- _EXERCISE AIM_
Copy each line of the records below, from the first through the one that contains "powr real (s *", exactly as written.

Dataset entries:
┌──

lemma diagonal_exponent_identity:
  fixes Q :: real
  assumes "0 < Q"
  shows "Q ^ s * Q ^ (s + j) * Q powr (real s * (real s - 1) / 2 - real s
          + real (s + j) * (real (s + j) - 1) / 2)
      = Q powr (real j * (real j + 1) / 2) * Q ^ (s * s - s) * (Q ^ Suc j) ^ s"
proof -
  have powr_nat: "Q ^ k = Q powr real k" for k
    using assms by (simp add: powr_realpow)
  have "Q ^ s * Q ^ (s + j) = Q powr real (s + (s + j))"
    unfolding power_add[symmetric] by (rule powr_nat)
  moreover have "Q ^ (s * s - s) * (Q ^ Suc j) ^ s = Q powr real (s * s - s + Suc j * s)"
    unfolding power_mult[symmetric] power_add[symmetric] by (rule powr_nat)
  moreover have "real (s + (s + j)) + (real s * (real s - 1) / 2 - real s
        + real (s + j) * (real (s + j) - 1) / 2)
      = real j * (real j + 1) / 2 + real (s * s - s + Suc j * s)"
    by (cases s) (simp_all add: field_simps)
  ultimately show ?thesis
    by (simp only: mult.assoc flip: powr_add)
qed

lemma pair_weight_diagonal_Suc:
  assumes Q: "0 < Q" "Q < 1" and y: "0 < y" "y \<le> 1"
  shows "pair_weight Q y (Suc m) (Suc m + j) = Q powr (real j * (real j + 1) / 2)
     * (qpoch ((1 - y) * Q) Q j / qpoch Q Q j) * wp_term Q (Q ^ Suc j) ((1 - y) * Q ^ j) (Suc m)"
proof -
  define a where "a = 1 - y"
  define s where "s = Suc m"
  define R where "R = qpoch a Q s * qpoch (a * Q) Q j * qpoch (a * Q ^ j * Q) Q m * (1 - a * Q ^ (s + (s + j)))
    / (qpoch Q Q s * qpoch Q Q j * qpoch (Q ^ Suc j) Q s)"
  have "Q ^ Suc j < 1"
    using Q mult_power_less_one[of Q Q j] by simp
  then have pos: "0 < qpoch Q Q k" "0 < qpoch (a * Q) Q k" "0 < qpoch (Q ^ Suc j) Q k" for k
    using Q y mult_power_less_one[of a Q 1] by (auto intro!: qpoch_pos simp: a_def simp del: power_Suc)
  have "qpoch a Q (s + j) = y * (qpoch (a * Q) Q j * qpoch (a * Q ^ j * Q) Q m)"
    using qpoch_Suc_shift[of a Q "j + m"] qpoch_add[of "a * Q" Q j m] by (simp add: s_def a_def ac_simps)
  moreover have "qpoch Q Q (s + j) = qpoch Q Q j * qpoch (Q ^ Suc j) Q s"
    using qpoch_add[of Q Q j s] by (simp add: ac_simps)
  ultimately have L: "pair_weight Q y s (s + j)
      = (Q ^ s * Q ^ (s + j) * Q powr (real s * (real s - 1) / 2 - real s
          + real (s + j) * (real (s + j) - 1) / 2)) * R"
    using Q y pos[of j] pos[of s] by (simp add: pair_weight_eq_qpoch R_def field_simps a_def)
  have "s + (s + j) = j + 2 * s"
    by simp
  then have wp: "a * Q ^ j * Q / Q ^ Suc j = a" "a * Q ^ j * Q ^ (2 * s) = a * Q ^ (s + (s + j))"
    using Q by (simp_all only: power_add mult.assoc) simp
  have R: "Q powr (real j * (real j + 1) / 2) * (qpoch (a * Q) Q j / qpoch Q Q j)
      * wp_term Q (Q ^ Suc j) (a * Q ^ j) s
      = (Q powr (real j * (real j + 1) / 2) * Q ^ (s * s - s) * (Q ^ Suc j) ^ s) * R"
    unfolding s_def wp_term_Suc unfolding s_def[symmetric] wp using pos[of j] pos[of s]
    by (simp add: R_def field_simps)
  have "Q ^ s * Q ^ (s + j) * Q powr (real s * (real s - 1) / 2 - real s
          + real (s + j) * (real (s + j) - 1) / 2)
      = Q powr (real j * (real j + 1) / 2) * Q ^ (s * s - s) * (Q ^ Suc j) ^ s"
    by (rule diagonal_exponent_identity[OF Q(1)])
  then show ?thesis
    using L R by (simp add: s_def a_def)
qed

lemma pair_weight_diagonal:
  assumes "0 < Q" "Q < 1" "0 < y" "y \<le> 1"
  shows "pair_weight Q y n (n + j) = Q powr (real j * (real j + 1) / 2)
     * (qpoch ((1 - y) * Q) Q j / qpoch Q Q j) * wp_term Q (Q ^ Suc j) ((1 - y) * Q ^ j) n"
  using assms pair_weight_diagonal_0 pair_weight_diagonal_Suc
  by (cases n) (simp_all add: wp_term_def)

lemma wp_series_power:
  assumes "0 < Q" "Q < 1"
  shows "wp_series Q (Q ^ Suc j)"
  using assms mult_power_less_one[of Q Q j] by unfold_locales simp_all

lemma tendsto_qpoch_ratio_shift:
  assumes Q: "0 < Q" "Q < 1" and y: "0 < y" "y \<le> 1"
  shows "(\<lambda>m. qpoch ((1 - y) * Q) Q (m + j) / qpoch Q Q (m + j))
    \<longlonglongrightarrow> qpoch ((1 - y) * Q) Q j / qpoch Q Q j * wp_series.wp_sum Q (Q ^ Suc j) ((1 - y) * Q ^ j)"
proof -
  interpret wp_series Q "Q ^ Suc j"
    using wp_series_power[OF Q] .
  have b: "0 \<le> (1 - y) * Q ^ j" "(1 - y) * Q ^ j \<le> Q ^ Suc j / Q"
    using Q y mult_left_le_one_le[of "Q ^ j" "1 - y"] by auto
  have "(1 - y) * Q < 1"
    using Q y mult_power_less_one[of "1 - y" Q 1] by simp
  then have eq: "qpoch ((1 - y) * Q) Q (m + j) / qpoch Q Q (m + j)
      = qpoch ((1 - y) * Q) Q j / qpoch Q Q j * (qpoch ((1 - y) * Q ^ j * Q) Q m / qpoch (Q ^ Suc j) Q m)" for m
    using qpoch_add[of "(1 - y) * Q" Q j m] qpoch_add[of Q Q j m] Q y
    by (simp add: add.commute[of m] ac_simps qpoch_pos)
  show ?thesis
    unfolding eq by (rule tendsto_mult_left[OF qpoch_ratio_tendsto_wp_sum[OF b]])
qed

lemma convergent_qpoch_ratio:
  fixes Q y :: real
  assumes "0 < Q" "Q < 1" "0 < y" "y \<le> 1"
  shows "convergent (\<lambda>n. qpoch ((1 - y) * Q) Q n / qpoch Q Q n)"
  using tendsto_qpoch_ratio_shift[OF assms, where j=0] by (auto simp: convergent_def)

lemma pair_weight_diagonal_sums:
  assumes Q: "0 < Q" "Q < 1" and y: "0 < y" "y \<le> 1"
    and L: "(\<lambda>n. qpoch ((1 - y) * Q) Q n / qpoch Q Q n) \<longlonglongrightarrow> L"
  shows "(\<lambda>n. pair_weight Q y n (n + j)) sums (Q powr (real j * (real j + 1) / 2) * L)"
proof -
  interpret wp_series Q "Q ^ Suc j"
    using wp_series_power[OF Q] .
  have "0 \<le> (1 - y) * Q ^ j" "(1 - y) * Q ^ j \<le> Q ^ Suc j / Q"
    using Q y mult_left_le_one_le[of "Q ^ j" "1 - y"] by auto
  then have "wp_term Q (Q ^ Suc j) ((1 - y) * Q ^ j) sums wp_sum ((1 - y) * Q ^ j)"
    unfolding wp_sum_def by (intro summable_sums summable_wp_term)
  then have "(\<lambda>n. Q powr (real j * (real j + 1) / 2) * (qpoch ((1 - y) * Q) Q j / qpoch Q Q j)
      * wp_term Q (Q ^ Suc j) ((1 - y) * Q ^ j) n) sums (Q powr (real j * (real j + 1) / 2)
      * (qpoch ((1 - y) * Q) Q j / qpoch Q Q j) * wp_sum ((1 - y) * Q ^ j))"
    by (rule sums_mult)
  moreover have "L = qpoch ((1 - y) * Q) Q j / qpoch Q Q j * wp_sum ((1 - y) * Q ^ j)"
    using LIMSEQ_unique[OF LIMSEQ_ignore_initial_segment[OF L, of j] tendsto_qpoch_ratio_shift[OF Q y]] .
  ultimately show ?thesis
    unfolding pair_weight_diagonal[OF Q y] by (simp only: mult.assoc)
qed

lemma has_sum_SigmaI_nonneg:
  fixes f :: "'a \<times> 'b \<Rightarrow> real"
  assumes "\<And>x. x \<in> A \<Longrightarrow> ((\<lambda>y. f (x, y)) has_sum g x) (B x)" "(g has_sum S) A"
    and "\<And>x y. x \<in> A \<Longrightarrow> y \<in> B x \<Longrightarrow> 0 \<le> f (x, y)"
  shows "(f has_sum S) (Sigma A B)"
proof (rule has_sum_SigmaI[OF assms(1,2)])
  show "f summable_on Sigma A B"
    using assms(2) by (intro summable_on_SigmaI[OF assms(1) _ assms(3)]) (auto simp: summable_on_def)
qed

└──

- _RESPONSE AREA_
lemma diagonal_exponent_identity:
  fixes Q :: real
  assumes "0 < Q"
  shows "Q ^ s * Q ^ (s + j) * Q powr (real s * (real s - 1) / 2 - real s
          + real (s + j) * (real (s + j) - 1) / 2)
      = Q powr (real j * (real j + 1) / 2) * Q ^ (s * s - s) * (Q ^ Suc j) ^ s"
proof -
  have powr_nat: "Q ^ k = Q powr real k" for k
    using assms by (simp add: powr_realpow)
  have "Q ^ s * Q ^ (s + j) = Q powr real (s + (s + j))"
    unfolding power_add[symmetric] by (rule powr_nat)
  moreover have "Q ^ (s * s - s) * (Q ^ Suc j) ^ s = Q powr real (s * s - s + Suc j * s)"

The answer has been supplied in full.